The presumption of innocence isn't a gift we give to people we like. It's a restraint we put on a system that has proven, over and over and over again, that it will crush people if we let it.
We Show Who We Are by What We Do Next
The person who walked into that classroom and started shooting showed us exactly who they are. They showed us the absolute worst of what a human being can become. They showed us depravity.
Now it's our turn.
We can respond with the same disregard for human dignity. We can let our rage and our grief and our fear justify anything. We can cheer while rights get trampled because it's happening to someone we've decided deserves it. We can become, in our pursuit of justice, the very thing we claim to hate.
Or we can do something harder. We can insist that even now, especially now, the rules still apply. We can demand that the prosecution build its case properly, with evidence collected legally and rights respected at every step.
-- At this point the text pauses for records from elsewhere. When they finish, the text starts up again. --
lemma eps_pos: "\<epsilon> > 0" unfolding \<epsilon>_def using f''pos A2 by simp
lemma X_nonneg: "X \<ge> 0" unfolding X_def using eps_pos by simp
lemma X_le1: "X \<le> 1" unfolding X_def \<epsilon>_def using small \<theta>_def by simp
lemma X_le_m0: "X \<le> m0" unfolding X_def \<epsilon>_def using small \<theta>_def by simp
lemma delta_nonneg: "\<delta> \<ge> 0" unfolding \<delta>_def using X_nonneg hi_ge1 by simp
lemma delta_le: "\<delta> \<le> hi" unfolding \<delta>_def using X_le1 hi_ge1 by (simp add: mult_left_le)
lemma m0_le: "m0 \<le> A * \<epsilon>" unfolding \<epsilon>_def using x_f''_ge_m0 A2 by simp
lemma Apos: "A > 0" using A2 by simp
lemma K_pos: "K > 0" using K1 by simp

lemma eps_le_X: "\<epsilon> \<le> X"
  unfolding X_def using eps_pos K1 by (simp add: mult_le_cancel_left1 one_le_power)

lemma epsK_le_X: "\<epsilon> * K \<le> X"
  unfolding X_def using eps_pos K1 by (simp add: power2_eq_square mult_left_mono)

lemma K2_le_A: "K^2 \<le> A"
proof -
  have "\<epsilon> * K^2 \<le> \<epsilon> * A" using X_le_m0 m0_le unfolding X_def by (simp add: mult.commute)
  then show ?thesis using eps_pos by simp
qed

lemma K_le_A: "K \<le> A"
proof -
  have "K \<le> K^2" using K1 by (simp add: power2_eq_square)
  then show ?thesis using K2_le_A by simp
qed

lemma one_le_AX_div_m0: "1 \<le> A * X / m0"
proof -
  have "m0 \<le> A * \<epsilon>" by (rule m0_le)
  also have "\<dots> \<le> A * X" using eps_le_X Apos by simp
  finally show ?thesis using m0_pos by simp
qed
lemma valid_walks_next_flaw:
  assumes valid: "valid_walks \<Omega> F rho Y" and len: "length ss = Suc (length ws)"
    and prefix: "\<And>\<tau>. \<tau> \<in> Y \<Longrightarrow> walk_prefix (ss, ws) \<tau>" and "(ss, ws) \<notin> Y"
  obtains f where "\<And>\<tau>. \<tau> \<in> Y \<Longrightarrow> walk_prefix (ss @ [fst \<tau> ! length ss], ws @ [f]) \<tau>"
proof -
  have longer: "length ws < length (snd \<tau>)" if "\<tau> \<in> Y" for \<tau>
  proof (rule ccontr)
    assume "\<not> length ws < length (snd \<tau>)"
    then have "\<tau> = (ss, ws)"
      by (intro walk_prefix_same_length[OF prefix[OF that] valid_walks_is_walk[OF valid that] len]) simp
    with \<open>(ss, ws) \<notin> Y\<close> that show False by simp
  qed
  obtain S where S: "\<forall>\<tau>\<in>Y. follows S \<tau>"
    using valid unfolding valid_walks_def by auto
  show ?thesis
  proof (rule that)
    fix \<tau> assume "\<tau> \<in> Y"
    with S show "walk_prefix (ss @ [fst \<tau> ! length ss], ws @ [S (ss, ws)]) \<tau>"
      by (intro follows_walk_prefix_Suc[OF _ valid_walks_is_walk[OF valid] prefix len longer]) simp_all
  qed
qed

lemma valid_walks_extensions_prob_le:
  assumes setting: "setting \<Omega> F rho \<omega> \<omega>i"
    and "finite Y" "valid_walks \<Omega> F rho Y" "is_walk \<Omega> F rho (ss, ws)"
    and "\<forall>\<tau>\<in>Y. walk_prefix (ss, ws) \<tau>"
  shows "sum (walk_prob \<omega>i rho) Y \<le> walk_prob \<omega>i rho (ss, ws)"
proof -
  have init: "prob_dist \<Omega> \<omega>i" using setting unfolding setting_def by simp
  have "finite ((\<lambda>\<tau>. length (snd \<tau>)) ` Y)" using \<open>finite Y\<close> by simp
  then obtain n where n: "\<forall>k\<in>(\<lambda>\<tau>. length (snd \<tau>)) ` Y. k \<le> n"
    unfolding finite_nat_set_iff_bounded_le by blast
  have "\<exists>m. \<forall>\<tau>\<in>Y. length (snd \<tau>) < length ws + m"
    using n by (intro exI[of _ "Suc n"]) auto
  then obtain m where "\<forall>\<tau>\<in>Y. length (snd \<tau>) < length ws + m" by blast
  with assms(2-) show ?thesis
  proof (induction m arbitrary: ss ws Y)
    case 0
    have "length ws \<le> length (snd \<tau>)" if "\<tau> \<in> Y" for \<tau>
      using "0.prems"(4) that unfolding walk_prefix_def by auto
    with "0.prems"(5) have "Y = {}" by fastforce
    then show ?case using walk_prob_nonneg[OF init "0.prems"(3)] by simp
  next
    case (Suc m)
    show ?case
    proof (cases "(ss, ws) \<in> Y")
      case True
      have "\<tau> = (ss, ws)" if "\<tau> \<in> Y" for \<tau>
        using valid_walks_prefix_eq[OF Suc.prems(2) True that] Suc.prems(4) that by simp
      with True have "Y = {(ss, ws)}" by blast
      then show ?thesis by simp
    next
      case False
      have len: "length ss = Suc (length ws)"
        using is_walk_length[OF Suc.prems(3)] by simp
      note walks = valid_walks_is_walk[OF Suc.prems(2)]
      define next_state where "next_state \<tau> = fst \<tau> ! length ss" for \<tau> :: "'a list \<times> 'a set list"
      obtain f where child: "\<And>\<tau>. \<tau> \<in> Y \<Longrightarrow> walk_prefix (ss @ [next_state \<tau>], ws @ [f]) \<tau>"
        using Suc.prems(4) valid_walks_next_flaw[OF Suc.prems(2) len _ False, folded next_state_def]
        by blast
      have child_walk: "is_walk \<Omega> F rho (ss @ [x], ws @ [f])" if x: "x \<in> next_state ` Y" for x
      proof -
        obtain \<tau> where "\<tau> \<in> Y" "x = next_state \<tau>" using x by blast
        with len show ?thesis
          using walk_prefix_is_walk[OF child[OF \<open>\<tau> \<in> Y\<close>] walks[OF \<open>\<tau> \<in> Y\<close>]] by simp
      qed
      have "sum (walk_prob \<omega>i rho) Y
          = (\<Sum>x\<in>next_state ` Y. sum (walk_prob \<omega>i rho) {\<tau>\<in>Y. next_state \<tau> = x})"
        using Suc.prems(1) by (rule sum.image_gen)
      also have "\<dots> \<le> (\<Sum>x\<in>next_state ` Y. walk_prob \<omega>i rho (ss @ [x], ws @ [f]))"
      proof (rule sum_mono)
        fix x assume x: "x \<in> next_state ` Y"
        show "sum (walk_prob \<omega>i rho) {\<tau>\<in>Y. next_state \<tau> = x} \<le> walk_prob \<omega>i rho (ss @ [x], ws @ [f])"
        proof (rule Suc.IH)
          show "finite {\<tau>\<in>Y. next_state \<tau> = x}" using Suc.prems(1) by simp
          show "valid_walks \<Omega> F rho {\<tau>\<in>Y. next_state \<tau> = x}"
            using Suc.prems(2) by (rule valid_walks_subset) simp
          show "is_walk \<Omega> F rho (ss @ [x], ws @ [f])" using x by (rule child_walk)
          show "\<forall>\<tau>\<in>{\<tau>\<in>Y. next_state \<tau> = x}. walk_prefix (ss @ [x], ws @ [f]) \<tau>"
            using child by blast
          show "\<forall>\<tau>\<in>{\<tau>\<in>Y. next_state \<tau> = x}. length (snd \<tau>) < length (ws @ [f]) + m"
            using Suc.prems(5) by simp
        qed
      qed
      also have "\<dots> \<le> walk_prob \<omega>i rho (ss, ws)"
        by (rule sum_walk_prob_snoc_le[OF setting Suc.prems(3) child_walk])
      finally show ?thesis .
    qed
  qed
qed
lemma amenable: "amenable TYPE('g)"
  unfolding amenable_def
proof (rule exI[of _ "\<lambda>f. pos_part_lin f / pos_part (\<lambda>x. 1)"], intro conjI allI impI)
  have "0 < pos_part (\<lambda>x. 1)" using pos_part_one_ge_1 by simp
  then show "pos_part_lin (\<lambda>h. c) / pos_part (\<lambda>x. 1) = c" for c
    using pos_part_lin_const by simp
  show "pos_part_lin (\<lambda>h. f h + f' h) / pos_part (\<lambda>x. 1) =
      pos_part_lin f / pos_part (\<lambda>x. 1) + pos_part_lin f' / pos_part (\<lambda>x. 1)"
    if "bdd_real_fun f \<and> bdd_real_fun f'" for f f'
    using pos_part_lin_add that by (simp add: add_divide_distrib)
  show "pos_part_lin (\<lambda>h. a * f h) / pos_part (\<lambda>x. 1) = a * (pos_part_lin f / pos_part (\<lambda>x. 1))"
    if "bdd_real_fun f" for a f
    using pos_part_lin_scale that by simp
  show "0 \<le> pos_part_lin f / pos_part (\<lambda>x. 1)" if "bdd_real_fun f \<and> (\<forall>h. 0 \<le> f h)" for f
    using pos_part_lin_nonneg pos_part_one_ge_1 that unfolding nonneg_bdd_def by simp
  show "pos_part_lin (\<lambda>h. f (- g + h)) / pos_part (\<lambda>x. 1) = pos_part_lin f / pos_part (\<lambda>x. 1)"
    if "bdd_real_fun f" for g f
    using pos_part_lin_translate that by simp
qed

end
lemma norm_hess_le: "norm (hess x) \<le> \<bar>f (norm x)\<bar> + 2 * \<bar>mean (norm x)\<bar>"
proof -
  define t where "t = norm x"
  define K where "K = \<bar>f t\<bar> + 2 * \<bar>mean t\<bar>"
  have bilinear_bound: "norm (blinfun_apply (blinfun_apply (hess x) h) z) \<le> K * norm h * norm z" for h z
  proof -
    have "norm (blinfun_apply (blinfun_apply (hess x) h) z)
            = \<bar>mean t * (z \<bullet> h) + rank_one_coeff t * (h \<bullet> x) * (z \<bullet> x)\<bar>"
      by (simp add: hess_apply_apply t_def)
    also have "\<dots> \<le> \<bar>mean t * (z \<bullet> h)\<bar> + \<bar>rank_one_coeff t * (h \<bullet> x) * (z \<bullet> x)\<bar>"
      by (rule abs_triangle_ineq)
    also have "\<dots> \<le> \<bar>mean t\<bar> * (norm h * norm z) + (\<bar>f t\<bar> + \<bar>mean t\<bar>) * (norm h * norm z)"
    proof (rule add_mono)
      show "\<bar>mean t * (z \<bullet> h)\<bar> \<le> \<bar>mean t\<bar> * (norm h * norm z)"
        unfolding abs_mult using Cauchy_Schwarz_ineq2[of z h]
        by (intro mult_left_mono) (simp_all add: mult.commute)
    qed (use abs_rank_one_term_le[of x h z] in \<open>simp add: t_def\<close>)
    also have "\<dots> = K * norm h * norm z" by (simp add: K_def algebra_simps)
    finally show ?thesis .
  qed
  have K_nonneg: "0 \<le> K" by (simp add: K_def)
  have "norm (blinfun_apply (hess x) h) \<le> K * norm h" for h
    by (rule norm_blinfun_bound) (simp add: K_nonneg, rule bilinear_bound)
  then show ?thesis
    unfolding t_def[symmetric] K_def[symmetric] by (rule norm_blinfun_bound[OF K_nonneg])
qed

end
lemma sum_arcsine_weight_ge_primitive:
  fixes n :: nat
  assumes "2 \<le> n"
  shows "2 * (arcsine_primitive n (n div 2) - arcsine_primitive n 1)
    \<le> (\<Sum>i=1..<n. arcsine_weight n (real i))"
proof -
  define h where "h = n div 2"
  have h: "1 \<le> h" "h \<le> n - h" "n - h \<le> Suc h" "n - h < n" using assms by (auto simp: h_def)
  let ?F = "arcsine_primitive n" and ?f = "arcsine_weight n"
  have n: "2 \<le> real n" using assms by simp
  have left: "?F (real h) - ?F (real 1) \<le> (\<Sum>j=1..<h. ?f (real j))"
  proof (rule antimono_diff_le_sum)
    show "antimono_on {real 1..<real h} ?f"
      by (rule monotone_on_subset[OF antimono_on_arcsine_weight]) (auto simp: h_def)
  qed (use h n in
      \<open>auto intro: arcsine_primitive_has_real_derivative continuous_on_arcsine_primitive\<close>)
  have "?F (real (n - 1)) - ?F (real (n - h)) \<le> (\<Sum>j=n-h..<n-1. ?f (real (Suc j)))"
  proof (rule mono_diff_le_sum_Suc)
    show "mono_on {real (n - h)<..real (n - 1)} ?f"
      by (rule monotone_on_subset[OF mono_on_arcsine_weight]) (auto simp: h_def)
  qed (use h n in
      \<open>auto intro: arcsine_primitive_has_real_derivative continuous_on_arcsine_primitive\<close>)
  also have "(\<Sum>j=n-h..<n-1. ?f (real (Suc j))) = (\<Sum>i=Suc (n-h)..<n. ?f i)"
    using sum.shift_bounds_Suc_ivl[of "\<lambda>i. ?f (real i)" "n - h" "n - 1"] assms by simp
  finally have right: "?F (real (n - 1)) - ?F (real (n - h)) \<le> (\<Sum>i=Suc (n-h)..<n. ?f i)" .
  have middle: "0 \<le> (\<Sum>i=h..<Suc (n-h). ?f i)"
    by (intro sum_nonneg arcsine_weight_nonneg) auto
  have "?F (real (n - 1)) = - ?F 1" "?F (real (n - h)) = - ?F h"
    using arcsine_primitive_reflect[of "real n" 1] arcsine_primitive_reflect[of "real n" h] h n
    by (auto simp: of_nat_diff)
  then have "2 * (?F h - ?F 1) = (?F h - ?F 1) + (?F (real (n - 1)) - ?F (real (n - h)))"
    by simp
  also have "\<dots> \<le> (\<Sum>i=1..<h. ?f i) + (\<Sum>i=h..<Suc (n-h). ?f i) + (\<Sum>i=Suc (n-h)..<n. ?f i)"
    using left right middle by simp
  also have "\<dots> = (\<Sum>i=1..<n. ?f i)"
    using h by (simp only: sum.atLeastLessThan_concat Suc_le_eq le_SucI)
  finally show ?thesis by (simp add: h_def)
qed

lemma sum_arcsine_weight_ge:
  fixes n :: nat
  assumes "2 \<le> n"
  shows "- 2 * arcsin (1 / n) - 2 * arcsin (2 / n - 1) \<le> (\<Sum>i=1..<n. arcsine_weight n (real i))"
proof -
  have "- arcsin (1 / n) \<le> arcsine_primitive n (n div 2)"
    using assms by (intro arcsine_primitive_ge_near_midpoint) auto
  moreover have "arcsine_primitive n 1 = arcsin (2 / n - 1)"
    by (simp add: arcsine_primitive_def)
  ultimately show ?thesis
    using sum_arcsine_weight_ge_primitive[OF assms] by simp
qed

lemma GG_path:
  "GG (path_V n) (path_E n) = sqrt (real n - 2) * (\<Sum>i=1..<n. arcsine_weight n (real i))"
proof -
  have "GG (path_V n) (path_E n) = (\<Sum>i<n - 1. GG_edge_weight (path_V n) (path_E n) i (Suc i))"
    by (rule GG_eq_sum_GG_edge_weight[where a = id, simplified])
      (auto simp: inj_on_def doubleton_eq_iff edges_path_E path_E_def)
  also have "\<dots> = (\<Sum>i<n - 1. sqrt (real n - 2) * arcsine_weight n (Suc i))"
  proof (rule sum.cong[OF refl])
    fix i assume "i \<in> {..<n - 1}"
    then have "Suc i < n" "real (n - Suc i) = real n - real (Suc i)" by (auto simp: of_nat_diff)
    then show "GG_edge_weight (path_V n) (path_E n) i (Suc i)
        = sqrt (real n - 2) * arcsine_weight n (Suc i)"
      by (simp add: GG_edge_weight_def Let_def n_closer_path_E_left n_closer_path_E_right
          arcsine_weight_def real_sqrt_divide)
  qed
  also have "\<dots> = sqrt (real n - 2) * (\<Sum>i<n - 1. arcsine_weight n (Suc i))"
    by (simp add: sum_distrib_left)
  also have "(\<Sum>i<n - 1. arcsine_weight n (Suc i)) = (\<Sum>i=1..<n. arcsine_weight n (real i))"
    using sum.shift_bounds_Suc_ivl[of "\<lambda>i. arcsine_weight n (real i)" 0 "n - 1"]
    by (cases n) (simp_all add: lessThan_atLeast0)
  finally show ?thesis .
qed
We can refuse to let this tragedy become the excuse for the next erosion of the protections that keep all of us safe from government overreach.
My father spent his life fighting for these principles. He went to prison for them. He was criminally prosecuted for teaching people their constitutional rights from a coffee shop. The system hated him because he insisted that due process wasn't optional, that the presumption of innocence wasn't negotiable, that the rules applied even when the government didn't want them to.
He understood something I carry with me every single day: The moment we decide that rights only matter when we feel like it, we don't have rights anymore. We have privileges that can be revoked whenever someone in power decides the situation is serious enough.
And there's always a situation serious enough.
The Families Deserve Better Than Theater
Let me be clear about something else. The families of those two students who died, the families of the nine who are fighting for their lives right now, they deserve justice. Real justice. Not performative outrage. Not a rushed prosecution that falls apart on appeal. Not a show trial designed to make politicians look tough.
They deserve a case built so carefully, so meticulously, so thoroughly within the bounds of the Constitution that there is no doubt, no appeal, no technicality that lets anyone escape accountability.
That's what due process actually provides. Not a loophole for the guilty. A guarantee that when justice is delivered, it sticks.
The system has to get this right. Not fast. Right.
What Comes Next
I'll be watching this case closely. We'll cover the proceedings as they develop. I expect charges to be filed soon. I expect this to move quickly given the public pressure.
And I will be here, every step of the way, making sure that "quickly" doesn't become "carelessly." Making sure that the understandable rage of this moment doesn't justify shortcuts that we'll all regret later. Making sure that the Constitution means something even when, especially when, it's hardest to defend.
That's what a watchdog does.
My thoughts are with the Brown University community tonight. With the families who are living every parent's worst nightmare. With the students who will never feel quite as safe on campus again. With the survivors who will carry this day with them for the rest of their lives.
This is a tragedy. An unspeakable, senseless tragedy.
And in the face of it, we have a choice about who we want to be.
Choose wisely.
Watch the system. Question everything.